Among the key factors:
- Connecticut was the first state in the country to implement early expansion of Medicaid eligibility under the Affordable Care Act. Currently, about 217,000 adults without minor children are covered in this portion of Medicaid.
- Trends in expansion states like Connecticut may have benefitted from participation by large numbers of relatively low-cost, younger individuals.
- In January 2012, as a result of an early initiative by the Malloy-Wyman Administration, Connecticut HUSKY Health (Medicaid and Children’s Health Insurance Program) entered the final stage of becoming a self-insured, managed fee-for-service program by migrating its medical services from capitated managed care to a model under which services are managed in partnership with statewide Administrative Services Organizations (ASOs).
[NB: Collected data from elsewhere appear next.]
(* Let $\gamma=\{t+iy(t):t\in[a,b]\}$, $-\infty<a<b<\infty$, be the graph of a Lipschitz function $y:[a,b]\to\mathbb{R}$. Suppose $\varphi$ is measurable on $\gamma$ and $\int_\gamma e^{-\varphi}\,ds<\infty$. Then polynomials are dense in $L^2(\gamma,\varphi)$: for every $f\in L^2(\gamma,\varphi)$ and $\varepsilon>0$ there is a holomorphic polynomial $P$ with $\int_\gamma|f-P|^2e^{-\varphi}ds<\varepsilon$.
   Context: $ds$ is arc length on $\gamma$. $L^2(\gamma,\varphi)$ is the space of measurable functions $f$ on $\gamma$ with $\int_\gamma|f|^2e^{-\varphi}ds<\infty$. *)

theory Defs
  imports "HOL-Analysis.Analysis" "HOL-Computational_Algebra.Polynomial"
begin

definition graph_param :: "(real \<Rightarrow> real) \<Rightarrow> real \<Rightarrow> complex" where
  "graph_param y t = Complex t (y t)"

definition polygonal_length :: "(real \<Rightarrow> complex) \<Rightarrow> (nat \<Rightarrow> real) \<Rightarrow> nat \<Rightarrow> real" where
  "polygonal_length g p n = (\<Sum>i<n. cmod (g (p (Suc i)) - g (p i)))"

definition arc_length :: "(real \<Rightarrow> complex) \<Rightarrow> real \<Rightarrow> real \<Rightarrow> real" where
  "arc_length g u v =
     (SUP pn \<in> {(p, n). p 0 = u \<and> p n = v \<and> (\<forall>i<n. p i \<le> p (Suc i))}.
        polygonal_length g (fst pn) (snd pn))"

definition arc_length_fun :: "(real \<Rightarrow> real) \<Rightarrow> real \<Rightarrow> real \<Rightarrow> real \<Rightarrow> real" where
  "arc_length_fun y a b t = arc_length (graph_param y) a (min b (max a t))"

text \<open>Arc-length measure ds on gamma, as a measure on the complex plane:
  the Lebesgue-Stieltjes measure ds of the arc-length function on [a,b],
  pushed forward to gamma by the parametrisation.\<close>
definition arc_measure :: "(real \<Rightarrow> real) \<Rightarrow> real \<Rightarrow> real \<Rightarrow> complex measure" where
  "arc_measure y a b =
     distr (restrict_space (interval_measure (arc_length_fun y a b)) {a..b}) borel (graph_param y)"

end

theory Submission
  imports Defs
begin

text \<open>
  Transported to the parameter interval, \<open>e\<^sup>-\<^sup>\<phi> ds\<close> becomes a finite measure \<open>\<mu>\<close> on \<open>[a,b]\<close>,
  and the claim is that the functions \<open>P \<circ> \<gamma>\<close> are dense in \<open>L\<^sup>2(\<mu>)\<close>. Simple functions are
  dense and the Borel sets are generated by the half-lines \<open>{c<..}\<close>, so by a Dynkin-system
  argument and bounded convergence it suffices to approximate \<open>sgn (t - c)\<close>.
  For \<open>w = i (z - \<gamma> c)\<close> the function \<open>Ln (w + h) - Ln (-w + h)\<close> tends to \<open>i \<pi> sgn (t - c)\<close>
  on \<open>\<gamma>\<close> as \<open>h \<rightarrow> 0\<close> and stays bounded, because on a Lipschitz graph the point \<open>-h\<close> keeps
  distance at least \<open>h / (1 + L)\<close> from \<open>\<plusminus>w(\<gamma>)\<close>. Finally \<open>Ln (w + h)\<close> is a uniform limit of
  polynomials on \<open>\<gamma>\<close>: for large \<open>h\<close> this is the Taylor series of \<open>Ln (1 + w / h)\<close>, and the
  same distance bound lets the point \<open>-h\<close> be moved towards \<open>0\<close> in geometric steps, each time
  expanding \<open>1 / (w + s)\<close> and \<open>Ln (w + s)\<close> around the previous value of \<open>s\<close>.
\<close>

section \<open>Uniform approximation by polynomials\<close>

definition poly_approximable_on :: "complex set \<Rightarrow> (complex \<Rightarrow> complex) \<Rightarrow> bool" where
  "poly_approximable_on K g \<longleftrightarrow> (\<forall>e>0. \<exists>P. \<forall>z\<in>K. cmod (g z - poly P z) \<le> e)"

lemma poly_approximable_on_cong:
  assumes "poly_approximable_on K f" "\<And>z. z \<in> K \<Longrightarrow> f z = g z"
  shows "poly_approximable_on K g"
  using assms unfolding poly_approximable_on_def by auto

lemma poly_approximable_on_poly: "poly_approximable_on K (poly P)"
  unfolding poly_approximable_on_def by (auto intro: exI[of _ P])

lemma poly_approximable_on_const: "poly_approximable_on K (\<lambda>z. c)"
  by (rule poly_approximable_on_cong[OF poly_approximable_on_poly[of K "[:c:]"]]) simp

lemma poly_approximable_on_ident: "poly_approximable_on K (\<lambda>z. z)"
  by (rule poly_approximable_on_cong[OF poly_approximable_on_poly[of K "[:0, 1:]"]]) simp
“Starting in 2012, DSS and partners began to implement important new care delivery interventions – ASO-based Intensive Care Coordination (ICM), Person-Centered Medical Homes, health homes for individuals with behavioral health conditions,” said Kate McEvoy, DSS health services director and state Medicaid director. “These advances have made extraordinary contributions toward more person-centered, goal-driven, holistic coordination of services and supports for individuals with complex needs. Quality has demonstrably improved, as documented by a range of measures. Self-reported care experience has also markedly improved.”
DSS has also supported practice transformation through free multi-disciplinary coaching as well as tools and supports for providers (ICM, standardized statewide coverage and utilization management guidelines, timely payment).
Finally, DSS has built in ‘value-based’ payment strategies that initially focused on pay-for-performance (PCMH enhanced fee-for-service payments and performance and year-over-year improvement payments) and have developed to include the inaugural use of ‘upside-only’ shared savings arrangements, under which entities that achieve benchmarks on identified quality measures will share in savings that are achieved.
“As Medicaid-related policy, funding and legislative action continues at the national and state levels, it will remain important for government and stakeholders to continue to carefully evaluate the impact of policy strategies on quality, care experience and cost,” Commissioner Bremby said.
The information in the below chart, which represents the latest publicly available CMS data for all states, is one important indicator of progress.
Commissioner Bremby emphasized the crucial advances represented by the Affordable Care Act (also known as Obamacare), and expressed his thanks and support to Governor Dannel P. Malloy, Lieutenant Governor Nancy Wyman and Connecticut’s Congressional delegation for their active roles in fighting repeal efforts in Washington that would decimate Medicaid.
The data featured in the table comparing states is from the State Health Expenditure Accounts, produced by the CMS Office of the Actuary, a consistent and comprehensive source that allows for analysis of state-specific trends over time.